As to what the world organization is doing over clashes between the two neighbors, he said diplomatic contacts are being held at various levels to pass on the message publicly and privately for the need to de-escalate.

Dujarric said the UN is alarmed about the safety of more than 3 million civilians in Idlib and the surrounding areas, over half of whom are internally displaced, following reports of airstrikes and shelling.

Between Jan. 31 and Feb. 2, there were at least 25 communities reportedly affected by artillery shelling, while 47 communities were reportedly impacted by airstrikes, he said.

To add to that, the spokesman said there were more than 500,000 people displaced due to the hostilities since December 2019. Around 80 percent of them are women and children.

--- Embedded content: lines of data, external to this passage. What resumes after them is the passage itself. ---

(* Consider the network and protocols described in the context, and let fairMAC$_\infty$ denote fairMAC with $P=Q=\infty$. Let $\tau\propto\sqrt{\sigma}$ and $\sigma\to0$. Then the asymptotic throughput per node and bit-cost of fairMAC$_\infty$ equal the operating point of Round Robin based CoopMAC: $$\mathsf{S}^{*\mathrm{fair}_\infty}=\mathsf{S}^{*\mathrm{coop}}=\frac{1}{\sum_{k\in\mathcal{D}}\frac{1}{R_k}+\sum_{k\in\mathcal{C}}\bigl(\frac{1}{R_{kh_k}}+\frac{1}{R_{h_k}}\bigr)},\qquad \mathsf{B}^{*\mathrm{fair}_\infty}_k=\mathsf{B}^{*\mathrm{coop}}_k=(H_k+1)u_k\mathcal{E}$$ for every node $k$, where $\mathcal{D}$ is the set of nodes without a helper, $\mathcal{C}$ the set of nodes with a helper, $H_k$ the number of nodes whose helper is $k$, and $u_k=1/R_k$ for $k\in\mathcal{D}$, $u_k=1/R_{kh_k}$ for $k\in\mathcal{C}$.
   Context: Network model: $N$ nodes transmit data to a common access point (AP). For nodes $k,l$, $R_{kl}>0$ is the achievable rate from $k$ to $l$, and $R_k>0$ the rate from $k$ directly to the AP; rates are constant. Each packet carries 1 bit, so a transmission at rate $R$ lasts $1/R$. Node $h$ is the helper $h_k$ of $k$ iff $h=\arg\min_l(1/R_{kl}+1/R_l)$ and $1/R_{kh}+1/R_h<1/R_k$. All nodes transmit at the same power $\mathcal{E}$, are saturated, and access the medium by slotted CSMA with slot length $\sigma$ (normalized by packet size, so $\sigma\to0$ corresponds to packet lengths tending to infinity) and transmit probability $\tau$; a packet is lost iff another node transmits simultaneously; ACKs have negligible duration and are never lost. fairMAC (parameters $P,Q$): a node $k$ with helper $h$ keeps a pending-packet counter $p$; while $p\le P$ it sends its packet to $h$ at rate $R_{kh}$; on successful reception $h$ stores it in an infinite forwarding queue and sends a preACK, and $k$ increments $p$; if $p$ exceeds $P$, $k$ sends directly to the AP. When a helper $h$ wins the medium it sends at rate $R_h$ a joint packet containing one own packet and up to $Q$ packets from its forwarding queue; on success the AP sends a jointACK, $h$ removes those packets, and each source decrements $p$ by its number of forwarded packets. Nodes without helper transmit directly to the AP. Throughput $\mathsf{S}$: long-term own data bits per unit time successfully delivered per node (equal for all nodes). Bit-cost $\mathsf{B}_k=\bar{\mathcal{E}}_k/\mathsf{S}$, with $\bar{\mathcal{E}}_k$ equal to $\mathcal{E}$ times the long-term fraction of time node $k$ transmits (including forwarding). Starred quantities denote limits as $\sigma\to0$ with $\tau\propto\sqrt{\sigma}$. In Round Robin based CoopMAC nodes transmit in fixed cyclic order, each helped packet being forwarded immediately, giving per-node throughput $1/\sum_k s_k$ with $s_k$ the travel time of a packet of $k$, and bit-cost $(H_k+1)u_k\mathcal{E}$.
   Formalization: Every helper $h_k$ is assumed to have no helper of its own, so a node in $\mathcal{C}$ is never the helper of another node. The paper assumes this as well. *)

theory Defs
  imports "HOL-Probability.Probability"
begin

text \<open>Network: nodes 0..N-1. R k l = rate from node k to node l, Rd k = rate from k to the AP.
  A helper assignment hlp :: nat => nat option (None = no helper, i.e. node in D;
  Some h = node h is the helper h_k, i.e. node in C).\<close>

definition coop_cost :: "(nat \<Rightarrow> nat \<Rightarrow> real) \<Rightarrow> (nat \<Rightarrow> real) \<Rightarrow> nat \<Rightarrow> nat \<Rightarrow> real" where
  "coop_cost R Rd k l = 1 / R k l + 1 / Rd l"

definition helper_assignment ::
  "nat \<Rightarrow> (nat \<Rightarrow> nat \<Rightarrow> real) \<Rightarrow> (nat \<Rightarrow> real) \<Rightarrow> (nat \<Rightarrow> nat option) \<Rightarrow> bool" where
  "helper_assignment N R Rd hlp \<longleftrightarrow>
     (\<forall>k<N. case hlp k of
        None \<Rightarrow> (\<forall>l<N. l \<noteq> k \<longrightarrow> \<not> coop_cost R Rd k l < 1 / Rd k)
      | Some h \<Rightarrow> h < N \<and> h \<noteq> k
                 \<and> (\<forall>l<N. l \<noteq> k \<longrightarrow> coop_cost R Rd k h \<le> coop_cost R Rd k l)
                 \<and> coop_cost R Rd k h < 1 / Rd k)"

definition helped_by :: "nat \<Rightarrow> (nat \<Rightarrow> nat option) \<Rightarrow> nat \<Rightarrow> nat set" where
  "helped_by N hlp k = {j. j < N \<and> hlp j = Some k}"

definition num_helped :: "nat \<Rightarrow> (nat \<Rightarrow> nat option) \<Rightarrow> nat \<Rightarrow> nat" where
  "num_helped N hlp k = card (helped_by N hlp k)"

text \<open>State: p j = pending counter of node j = number of packets of j stored in the
  forwarding queue of its helper.\<close>
type_synonym fstate = "nat \<Rightarrow> nat"

definition tx_dur ::
  "nat \<Rightarrow> (nat \<Rightarrow> nat \<Rightarrow> real) \<Rightarrow> (nat \<Rightarrow> real) \<Rightarrow> (nat \<Rightarrow> nat option) \<Rightarrow> fstate \<Rightarrow> nat \<Rightarrow> real" where
  "tx_dur N R Rd hlp p k =
     (case hlp k of
        Some h \<Rightarrow> 1 / R k h
      | None \<Rightarrow> (1 + real (\<Sum>j\<in>helped_by N hlp k. p j)) / Rd k)"

definition txset_pmf :: "nat \<Rightarrow> real \<Rightarrow> nat set pmf" where
  "txset_pmf N \<tau> =
     map_pmf (\<lambda>f. {k. k < N \<and> f k}) (Pi_pmf {..<N} False (\<lambda>_. bernoulli_pmf \<tau>))"

text \<open>Outcome of one (virtual) slot given state p and transmitting set T:
  (new state, duration, own bits delivered to the AP per node, transmit time per node).\<close>
definition slot_outcome ::
  "nat \<Rightarrow> (nat \<Rightarrow> nat \<Rightarrow> real) \<Rightarrow> (nat \<Rightarrow> real) \<Rightarrow> (nat \<Rightarrow> nat option) \<Rightarrow> real
   \<Rightarrow> fstate \<Rightarrow> nat set \<Rightarrow> fstate \<times> real \<times> (nat \<Rightarrow> real) \<times> (nat \<Rightarrow> real)" where
  "slot_outcome N R Rd hlp \<sigma> p T =
     (if T = {} then (p, \<sigma>, \<lambda>_. 0, \<lambda>_. 0)
      else if card T = 1 then
        (let w = the_elem T; d = tx_dur N R Rd hlp p w in
         case hlp w of
           Some h \<Rightarrow> (p(w := Suc (p w)), d, \<lambda>_. 0, \<lambda>k. if k = w then d else 0)
         | None \<Rightarrow> (\<lambda>j. if j \<in> helped_by N hlp w then 0 else p j, d,
                    \<lambda>k. if k = w then 1 else if k \<in> helped_by N hlp w then real (p k) else 0,
                    \<lambda>k. if k = w then d else 0))
      else (p, Max (tx_dur N R Rd hlp p ` T), \<lambda>_. 0,
            \<lambda>k. if k \<in> T then tx_dur N R Rd hlp p k else 0))"

text \<open>Joint distribution after n slots, starting from empty queues:
  (state, elapsed time, cumulative delivered own bits, cumulative transmit time).\<close>
fun fair_run ::
  "nat \<Rightarrow> (nat \<Rightarrow> nat \<Rightarrow> real) \<Rightarrow> (nat \<Rightarrow> real) \<Rightarrow> (nat \<Rightarrow> nat option) \<Rightarrow> real \<Rightarrow> real
   \<Rightarrow> nat \<Rightarrow> (fstate \<times> real \<times> (nat \<Rightarrow> real) \<times> (nat \<Rightarrow> real)) pmf" where
  "fair_run N R Rd hlp \<sigma> \<tau> 0 = return_pmf (\<lambda>_. 0, 0, \<lambda>_. 0, \<lambda>_. 0)"
| "fair_run N R Rd hlp \<sigma> \<tau> (Suc n) =
     fair_run N R Rd hlp \<sigma> \<tau> n \<bind>
       (\<lambda>(p, t, b, x). map_pmf (\<lambda>(p', d, b', x'). (p', t + d, \<lambda>k. b k + b' k, \<lambda>k. x k + x' k))
                         (map_pmf (slot_outcome N R Rd hlp \<sigma> p) (txset_pmf N \<tau>)))"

He also recalled the World Health Organization's reports that at least 53 health facilities suspended services last month due to insecurity and threats of attacks, or as areas were deserted by civilians fleeing violence.

Dujarric said that over the weekend the secretary-general reminded that military operations of all parties, including actions against and by designated terrorist groups, must respect the rules and obligations of international humanitarian law, which includes the protection of civilians and civilian infrastructure.

The secretary-general reiterated that there is no military solution to the Syrian conflict and that the only path to stability is a credible and inclusive UN-facilitated political solution as laid out in the Security Council.